CONCERT DATE: July 22 1975 (8:30 pm). Asheville NC.

Elvis Still Wows 'Em
by Billy Pritchard
Asheville Citizen-News
July 23, 1975

A paunchy but pretty 40-year-old Elvis Aron Presley filled the huge Asheville Civic Center with his booming. barrel-chested voice here Tuesday night to the delight of a fully-packed 7500-seat house. The King, as some call him, came on stage around 9.55PM and sang for nearly two hours. His act was interrupted only for about seven minutes while he excused himself for a trip to the restroom, he said. "I always dreamed this would happen," he told the shouting crowd.

Dressed in embroidered and sequined white pants and jacket and white boots, Elvis spent his time singing and giving away colored silk scarves to the few young ladies who managed to make their way past a tough ring of security guards to the stage. Although his voice was still there, as vigorous and convincing as ever, the rock seemed to have gone out Elvis the Pelvis' roll. Except for a few brief moments of concentrated body movement, such as a brief Kung Fu dance during the closing of Poke Salad Annie, Elvis walked casually around the stage without a lot of fanfare.

Closing with a rousing I Can't Help Falling in Love with You, Presley's Tuesday night repertoire included such hits as Burning Love, How Great Thou Art, It's Now Or Never, All Shook up, Teddy Bear, Shake a Hand, I Gotta Woman, Amen and (You Aint' Nothing But a) Hound Dog. Presley, who will also appear in concert Wednesday and Thursday nights at the Civic Center for his three-night, sell-out stay in Asheville, is backed up by a 15-piece band and 11 back-up singers.

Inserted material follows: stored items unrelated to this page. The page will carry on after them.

(* Fix parameters $0<\varepsilon<f<(1+\varepsilon)/2<1$ and $\sigma>0$. Let $pqr$ be a non-degenerate triangle in $\mathbb{R}^2$ with one of its vertices designated as apex and an ordering of the two other (base) vertices, and let $\tau(p),\tau(q),\tau(r)$ be real values with $\tau(p)\le\tau(q)\le\tau(r)$ such that $\|\nabla\tau\|<\sigma$ and the triangle satisfies the adaptive progress constraint $\sigma$. Let $d_p:=\operatorname{dist}(p,\operatorname{aff}(qr))$. Then for every $\delta\in[0,\varepsilon\,\sigma\,d_p]$, the affine function $\tau'$ with $\tau'(p)=\tau(p)+\delta$, $\tau'(q)=\tau(q)$, $\tau'(r)=\tau(r)$ satisfies $\|\nabla\tau'\|<\sigma$.
   Context: Values at the vertices of a triangle are extended to the unique affine function on $\mathbb{R}^2$, also denoted $\tau$; $\nabla\tau$ is its gradient. Diminished width: for a triangle written $abc$ with its apex listed first (here $a$), $\mathrm{dw}(abc):=\min\{(1-\varepsilon)\operatorname{dist}(a,\operatorname{aff}(bc)),\,(1-f)\operatorname{dist}(b,\operatorname{aff}(ac)),\,(1-f)\operatorname{dist}(c,\operatorname{aff}(ab))\}$ (symmetric in $b,c$). Adaptive progress constraint $\sigma$: for a triangle with apex $a$ and base vertices $b,c$ (in the given order), let $d$ be the midpoint of $bc$ and $e$ the midpoint of $ac$, with $\tau(d),\tau(e)$ the values of the affine function there; the triangle satisfies the constraint iff $|\tau(a)-\tau(b)|\le 2\,\mathrm{dw}(dca)\,\sigma$, $|\tau(a)-\tau(d)|\le\mathrm{dw}(abc)\,\sigma$, $|\tau(a)-\tau(c)|\le 2\,\mathrm{dw}(dab)\,\sigma$, and $|\tau(b)-\tau(c)|\le 4\,\mathrm{dw}(ead)\,\sigma$ (in each $\mathrm{dw}$ the first-listed vertex is the apex of that smaller triangle). *)

theory Defs
  imports "HOL-Analysis.Analysis"
begin

definition tri_grad :: "real^2 \<Rightarrow> real^2 \<Rightarrow> real^2 \<Rightarrow> real \<Rightarrow> real \<Rightarrow> real \<Rightarrow> real^2" where
  "tri_grad a b c ta tb tc =
     (THE g. \<exists>k. g \<bullet> a + k = ta \<and> g \<bullet> b + k = tb \<and> g \<bullet> c + k = tc)"

definition tri_aff :: "real^2 \<Rightarrow> real^2 \<Rightarrow> real^2 \<Rightarrow> real \<Rightarrow> real \<Rightarrow> real \<Rightarrow> real^2 \<Rightarrow> real" where
  "tri_aff a b c ta tb tc x =
     (let g = tri_grad a b c ta tb tc in g \<bullet> x + (ta - g \<bullet> a))"

definition dw :: "real \<Rightarrow> real \<Rightarrow> real^2 \<Rightarrow> real^2 \<Rightarrow> real^2 \<Rightarrow> real" where
  "dw eps f a b c =
     min ((1 - eps) * infdist a (affine hull {b, c}))
       (min ((1 - f) * infdist b (affine hull {a, c}))
            ((1 - f) * infdist c (affine hull {a, b})))"

definition adaptive_progress ::
  "real \<Rightarrow> real \<Rightarrow> real \<Rightarrow> real^2 \<Rightarrow> real^2 \<Rightarrow> real^2 \<Rightarrow> (real^2 \<Rightarrow> real) \<Rightarrow> bool" where
  "adaptive_progress eps f \<sigma> a b c T =
     (let d = midpoint b c; e = midpoint a c in
        \<bar>T a - T b\<bar> \<le> 2 * dw eps f d c a * \<sigma> \<and>
        \<bar>T a - T d\<bar> \<le> dw eps f a b c * \<sigma> \<and>
        \<bar>T a - T c\<bar> \<le> 2 * dw eps f d a b * \<sigma> \<and>
        \<bar>T b - T c\<bar> \<le> 4 * dw eps f e a d * \<sigma>)"

end

theory Submission
  imports Defs
begin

The music is provided by a center-stage rock band, backed up by an 11-piece orchestra, including four trombones, four trumpets, a percussionist, a piano and a band leader. The stage band includes four guitars and a drummer. The singers, who perform individually as warm-up acts before joining Elvis on-stage, included J.D. Sumner and the Stamps Quartet, a superb and beloved gospel group, three black women known as Sweet Inspiration, and various other Nashville (or Memphis) voices.

In between songs, Elvis also knelt to kiss the women the scarved and threw silken handkerchiefs to back rows and into the balcony behind the stage. There didn't appear to be an empty seat in the house. The Memphis Casanova was off the stage, into an awaiting limousine and gone from downtown Asheville before the house lights came on after his final number. His entourage is being housed in a large bloc of rooms east of the city on US Highway 70 at the Rodeway Inn, but inside word has it that Presley is not staying overnight in Asheville.

The word is that Presley is flying back and forth during his three-day stay here from his Graceland mansion in Memphis, where he spends most of his time in seclusion. Elvis spent about 15 days in Baptist Memorial Hospital during the first part of this year for what his doctor described as "intestinal blockage" due to a "twisted colon." This may explain why the pelvis has gone out of Elvis.

Asheville is Presley's last stop in his latest tour which began nearly a month ago in Charleston, W. Va. and led him through northern states before coming to Greensboro Monday night. He will rest after his stay here and open in Las Vegas in a few weeks. Presley stands to gross more than $200,000 during his three sell-out nights here, a much better showing than his performance here 20 years ago when he played the old auditorium with the Martha Carson show on May 17th, 1955.